## Source records
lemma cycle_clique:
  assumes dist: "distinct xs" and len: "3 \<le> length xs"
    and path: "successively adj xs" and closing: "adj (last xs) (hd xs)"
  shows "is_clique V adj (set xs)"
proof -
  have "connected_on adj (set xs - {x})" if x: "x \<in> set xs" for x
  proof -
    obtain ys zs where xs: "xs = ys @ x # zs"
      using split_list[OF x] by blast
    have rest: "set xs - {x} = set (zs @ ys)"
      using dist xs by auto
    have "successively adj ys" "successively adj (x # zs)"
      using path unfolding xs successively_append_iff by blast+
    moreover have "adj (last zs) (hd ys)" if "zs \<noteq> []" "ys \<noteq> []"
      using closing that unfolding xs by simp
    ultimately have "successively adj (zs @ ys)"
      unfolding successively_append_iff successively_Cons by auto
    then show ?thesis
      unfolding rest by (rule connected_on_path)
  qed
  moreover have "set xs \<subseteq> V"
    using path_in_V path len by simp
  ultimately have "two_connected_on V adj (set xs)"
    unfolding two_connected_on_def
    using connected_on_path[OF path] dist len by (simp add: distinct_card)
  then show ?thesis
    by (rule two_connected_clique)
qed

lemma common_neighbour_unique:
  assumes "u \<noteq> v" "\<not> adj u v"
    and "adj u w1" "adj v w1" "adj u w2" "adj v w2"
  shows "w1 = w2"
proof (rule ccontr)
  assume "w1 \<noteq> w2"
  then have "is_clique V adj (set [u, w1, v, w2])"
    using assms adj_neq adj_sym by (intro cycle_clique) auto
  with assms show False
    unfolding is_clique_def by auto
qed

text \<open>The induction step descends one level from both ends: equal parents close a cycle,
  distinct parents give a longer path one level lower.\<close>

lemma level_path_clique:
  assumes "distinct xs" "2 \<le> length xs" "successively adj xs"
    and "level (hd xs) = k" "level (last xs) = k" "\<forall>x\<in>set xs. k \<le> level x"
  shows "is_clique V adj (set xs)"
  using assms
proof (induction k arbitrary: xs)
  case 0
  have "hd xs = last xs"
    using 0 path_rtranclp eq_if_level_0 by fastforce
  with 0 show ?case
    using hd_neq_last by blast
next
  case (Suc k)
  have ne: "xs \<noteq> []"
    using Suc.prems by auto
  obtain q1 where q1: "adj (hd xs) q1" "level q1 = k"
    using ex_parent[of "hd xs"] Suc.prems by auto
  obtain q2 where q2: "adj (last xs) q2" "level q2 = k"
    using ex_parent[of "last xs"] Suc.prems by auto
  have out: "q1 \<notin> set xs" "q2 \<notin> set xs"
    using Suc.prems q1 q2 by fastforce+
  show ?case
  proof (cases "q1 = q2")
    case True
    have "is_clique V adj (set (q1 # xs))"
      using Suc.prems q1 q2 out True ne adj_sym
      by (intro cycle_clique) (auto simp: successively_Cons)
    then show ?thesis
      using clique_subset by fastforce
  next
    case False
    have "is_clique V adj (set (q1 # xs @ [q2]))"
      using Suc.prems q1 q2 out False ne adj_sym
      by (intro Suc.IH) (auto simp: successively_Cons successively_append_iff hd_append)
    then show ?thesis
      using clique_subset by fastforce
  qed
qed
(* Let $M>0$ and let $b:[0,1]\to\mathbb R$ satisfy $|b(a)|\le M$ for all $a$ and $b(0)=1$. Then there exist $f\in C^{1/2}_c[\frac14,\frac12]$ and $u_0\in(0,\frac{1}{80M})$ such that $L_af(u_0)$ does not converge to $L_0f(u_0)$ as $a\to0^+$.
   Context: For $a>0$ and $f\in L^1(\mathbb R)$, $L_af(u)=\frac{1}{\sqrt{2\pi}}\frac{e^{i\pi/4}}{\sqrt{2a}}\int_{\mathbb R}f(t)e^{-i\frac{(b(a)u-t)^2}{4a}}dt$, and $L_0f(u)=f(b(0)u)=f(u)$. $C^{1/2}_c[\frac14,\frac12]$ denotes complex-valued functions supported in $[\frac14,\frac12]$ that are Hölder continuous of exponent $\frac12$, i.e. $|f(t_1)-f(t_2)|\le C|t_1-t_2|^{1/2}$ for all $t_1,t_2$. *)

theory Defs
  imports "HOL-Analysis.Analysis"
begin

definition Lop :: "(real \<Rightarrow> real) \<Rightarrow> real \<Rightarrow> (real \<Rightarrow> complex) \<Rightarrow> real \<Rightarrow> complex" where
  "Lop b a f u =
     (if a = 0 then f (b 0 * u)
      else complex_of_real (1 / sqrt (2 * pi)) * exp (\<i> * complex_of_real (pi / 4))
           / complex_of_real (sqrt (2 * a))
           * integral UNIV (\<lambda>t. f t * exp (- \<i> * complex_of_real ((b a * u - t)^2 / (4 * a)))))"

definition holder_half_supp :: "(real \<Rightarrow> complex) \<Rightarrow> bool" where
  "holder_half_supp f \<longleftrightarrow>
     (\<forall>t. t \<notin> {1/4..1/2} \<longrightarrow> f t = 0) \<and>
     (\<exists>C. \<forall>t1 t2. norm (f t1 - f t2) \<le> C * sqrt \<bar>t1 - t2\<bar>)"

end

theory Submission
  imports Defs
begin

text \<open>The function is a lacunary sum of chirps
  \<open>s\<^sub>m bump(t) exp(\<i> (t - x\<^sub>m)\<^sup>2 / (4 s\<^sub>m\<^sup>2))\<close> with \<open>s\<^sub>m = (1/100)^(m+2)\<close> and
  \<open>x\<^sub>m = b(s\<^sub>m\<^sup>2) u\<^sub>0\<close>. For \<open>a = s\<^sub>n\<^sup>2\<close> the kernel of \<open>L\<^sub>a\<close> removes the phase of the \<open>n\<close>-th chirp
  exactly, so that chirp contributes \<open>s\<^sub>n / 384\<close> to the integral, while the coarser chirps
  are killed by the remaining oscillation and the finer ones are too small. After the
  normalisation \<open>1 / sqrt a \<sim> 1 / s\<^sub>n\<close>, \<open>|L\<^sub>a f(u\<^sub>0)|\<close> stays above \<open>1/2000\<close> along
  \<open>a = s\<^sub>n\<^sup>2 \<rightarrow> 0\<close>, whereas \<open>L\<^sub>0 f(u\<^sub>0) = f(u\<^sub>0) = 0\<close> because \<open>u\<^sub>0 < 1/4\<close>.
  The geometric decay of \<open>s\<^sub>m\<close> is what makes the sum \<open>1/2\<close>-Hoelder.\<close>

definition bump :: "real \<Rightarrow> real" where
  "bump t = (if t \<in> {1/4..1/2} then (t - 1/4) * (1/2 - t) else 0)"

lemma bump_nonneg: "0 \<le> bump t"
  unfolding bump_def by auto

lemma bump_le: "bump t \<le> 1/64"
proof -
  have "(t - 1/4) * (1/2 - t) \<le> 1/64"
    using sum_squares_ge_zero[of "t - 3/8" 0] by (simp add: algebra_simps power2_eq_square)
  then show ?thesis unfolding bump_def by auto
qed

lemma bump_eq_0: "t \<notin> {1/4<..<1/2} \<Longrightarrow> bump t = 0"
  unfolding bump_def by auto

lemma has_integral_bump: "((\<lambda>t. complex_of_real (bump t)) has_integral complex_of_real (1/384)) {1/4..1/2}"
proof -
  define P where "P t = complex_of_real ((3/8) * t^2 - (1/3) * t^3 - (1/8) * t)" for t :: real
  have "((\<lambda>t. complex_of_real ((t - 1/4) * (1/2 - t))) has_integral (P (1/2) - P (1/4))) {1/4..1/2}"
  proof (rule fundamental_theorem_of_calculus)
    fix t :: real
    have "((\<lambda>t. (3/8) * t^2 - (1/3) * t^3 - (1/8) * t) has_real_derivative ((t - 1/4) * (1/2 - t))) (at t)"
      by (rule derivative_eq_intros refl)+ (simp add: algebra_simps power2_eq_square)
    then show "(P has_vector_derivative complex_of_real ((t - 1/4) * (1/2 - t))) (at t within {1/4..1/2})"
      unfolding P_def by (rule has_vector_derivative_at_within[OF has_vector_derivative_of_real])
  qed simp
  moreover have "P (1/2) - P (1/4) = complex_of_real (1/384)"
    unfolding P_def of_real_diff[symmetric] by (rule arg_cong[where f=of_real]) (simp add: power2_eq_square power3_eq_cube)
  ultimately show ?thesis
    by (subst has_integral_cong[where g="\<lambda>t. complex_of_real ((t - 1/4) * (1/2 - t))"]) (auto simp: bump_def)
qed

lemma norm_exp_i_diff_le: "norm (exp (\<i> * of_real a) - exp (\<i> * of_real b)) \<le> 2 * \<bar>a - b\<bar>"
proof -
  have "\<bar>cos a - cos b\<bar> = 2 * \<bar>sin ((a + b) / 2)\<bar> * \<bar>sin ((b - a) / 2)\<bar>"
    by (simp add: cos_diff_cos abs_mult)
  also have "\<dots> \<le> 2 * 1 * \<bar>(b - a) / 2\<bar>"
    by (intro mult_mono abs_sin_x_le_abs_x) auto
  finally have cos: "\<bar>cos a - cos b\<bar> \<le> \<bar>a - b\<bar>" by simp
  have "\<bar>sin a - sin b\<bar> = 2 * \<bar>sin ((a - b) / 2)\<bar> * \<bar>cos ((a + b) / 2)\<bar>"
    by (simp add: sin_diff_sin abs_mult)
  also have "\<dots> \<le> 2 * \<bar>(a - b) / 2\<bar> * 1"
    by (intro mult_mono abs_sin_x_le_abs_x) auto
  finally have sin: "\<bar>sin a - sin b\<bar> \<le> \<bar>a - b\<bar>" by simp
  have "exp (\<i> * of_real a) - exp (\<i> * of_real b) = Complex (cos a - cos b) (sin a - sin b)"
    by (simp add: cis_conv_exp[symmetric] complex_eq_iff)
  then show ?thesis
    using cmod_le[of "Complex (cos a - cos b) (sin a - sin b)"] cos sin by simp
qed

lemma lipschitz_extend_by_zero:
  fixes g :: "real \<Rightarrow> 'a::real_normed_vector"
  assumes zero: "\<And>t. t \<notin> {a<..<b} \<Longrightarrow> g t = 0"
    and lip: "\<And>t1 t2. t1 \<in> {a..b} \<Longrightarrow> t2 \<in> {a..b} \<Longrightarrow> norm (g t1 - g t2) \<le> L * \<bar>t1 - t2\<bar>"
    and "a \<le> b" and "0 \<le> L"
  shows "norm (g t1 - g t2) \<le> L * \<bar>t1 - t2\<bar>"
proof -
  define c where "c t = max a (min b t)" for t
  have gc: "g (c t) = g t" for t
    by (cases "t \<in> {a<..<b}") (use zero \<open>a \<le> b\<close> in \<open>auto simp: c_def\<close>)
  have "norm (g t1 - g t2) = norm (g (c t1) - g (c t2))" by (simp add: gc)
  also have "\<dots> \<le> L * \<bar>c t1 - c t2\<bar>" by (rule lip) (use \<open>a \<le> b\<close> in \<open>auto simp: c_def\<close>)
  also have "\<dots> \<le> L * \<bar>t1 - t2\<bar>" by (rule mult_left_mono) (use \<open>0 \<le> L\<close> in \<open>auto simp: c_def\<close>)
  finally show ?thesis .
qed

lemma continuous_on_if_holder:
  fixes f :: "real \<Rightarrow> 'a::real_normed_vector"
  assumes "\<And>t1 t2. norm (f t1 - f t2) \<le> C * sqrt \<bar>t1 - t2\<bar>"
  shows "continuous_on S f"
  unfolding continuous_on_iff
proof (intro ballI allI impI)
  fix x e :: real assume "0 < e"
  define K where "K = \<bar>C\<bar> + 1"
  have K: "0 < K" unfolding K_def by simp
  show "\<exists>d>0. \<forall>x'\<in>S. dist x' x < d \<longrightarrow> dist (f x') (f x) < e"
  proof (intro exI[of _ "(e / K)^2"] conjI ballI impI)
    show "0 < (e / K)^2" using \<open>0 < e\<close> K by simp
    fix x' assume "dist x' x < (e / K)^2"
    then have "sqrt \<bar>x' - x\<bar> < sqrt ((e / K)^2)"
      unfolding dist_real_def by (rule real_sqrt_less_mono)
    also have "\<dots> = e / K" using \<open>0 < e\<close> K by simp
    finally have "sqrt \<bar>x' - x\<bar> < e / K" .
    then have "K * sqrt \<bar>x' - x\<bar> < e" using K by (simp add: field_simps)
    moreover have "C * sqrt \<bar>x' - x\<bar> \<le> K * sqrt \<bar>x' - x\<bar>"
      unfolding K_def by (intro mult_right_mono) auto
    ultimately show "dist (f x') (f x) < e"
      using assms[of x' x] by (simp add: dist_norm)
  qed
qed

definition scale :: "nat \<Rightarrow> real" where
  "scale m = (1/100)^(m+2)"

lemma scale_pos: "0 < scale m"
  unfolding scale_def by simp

## Exercise aim
For the lines above, output exactly those from the line containing "sin by simp" through the line containing "(simp add: field_simps)", and skip the others.

## Response
    using cmod_le[of "Complex (cos a - cos b) (sin a - sin b)"] cos sin by simp
qed

lemma lipschitz_extend_by_zero:
  fixes g :: "real \<Rightarrow> 'a::real_normed_vector"
  assumes zero: "\<And>t. t \<notin> {a<..<b} \<Longrightarrow> g t = 0"
    and lip: "\<And>t1 t2. t1 \<in> {a..b} \<Longrightarrow> t2 \<in> {a..b} \<Longrightarrow> norm (g t1 - g t2) \<le> L * \<bar>t1 - t2\<bar>"
    and "a \<le> b" and "0 \<le> L"
  shows "norm (g t1 - g t2) \<le> L * \<bar>t1 - t2\<bar>"
proof -
  define c where "c t = max a (min b t)" for t
  have gc: "g (c t) = g t" for t
    by (cases "t \<in> {a<..<b}") (use zero \<open>a \<le> b\<close> in \<open>auto simp: c_def\<close>)
  have "norm (g t1 - g t2) = norm (g (c t1) - g (c t2))" by (simp add: gc)
  also have "\<dots> \<le> L * \<bar>c t1 - c t2\<bar>" by (rule lip) (use \<open>a \<le> b\<close> in \<open>auto simp: c_def\<close>)
  also have "\<dots> \<le> L * \<bar>t1 - t2\<bar>" by (rule mult_left_mono) (use \<open>0 \<le> L\<close> in \<open>auto simp: c_def\<close>)
  finally show ?thesis .
qed

lemma continuous_on_if_holder:
  fixes f :: "real \<Rightarrow> 'a::real_normed_vector"
  assumes "\<And>t1 t2. norm (f t1 - f t2) \<le> C * sqrt \<bar>t1 - t2\<bar>"
  shows "continuous_on S f"
  unfolding continuous_on_iff
proof (intro ballI allI impI)
  fix x e :: real assume "0 < e"
  define K where "K = \<bar>C\<bar> + 1"
  have K: "0 < K" unfolding K_def by simp
  show "\<exists>d>0. \<forall>x'\<in>S. dist x' x < d \<longrightarrow> dist (f x') (f x) < e"
  proof (intro exI[of _ "(e / K)^2"] conjI ballI impI)
    show "0 < (e / K)^2" using \<open>0 < e\<close> K by simp
    fix x' assume "dist x' x < (e / K)^2"
    then have "sqrt \<bar>x' - x\<bar> < sqrt ((e / K)^2)"
      unfolding dist_real_def by (rule real_sqrt_less_mono)
    also have "\<dots> = e / K" using \<open>0 < e\<close> K by simp
    finally have "sqrt \<bar>x' - x\<bar> < e / K" .
    then have "K * sqrt \<bar>x' - x\<bar> < e" using K by (simp add: field_simps)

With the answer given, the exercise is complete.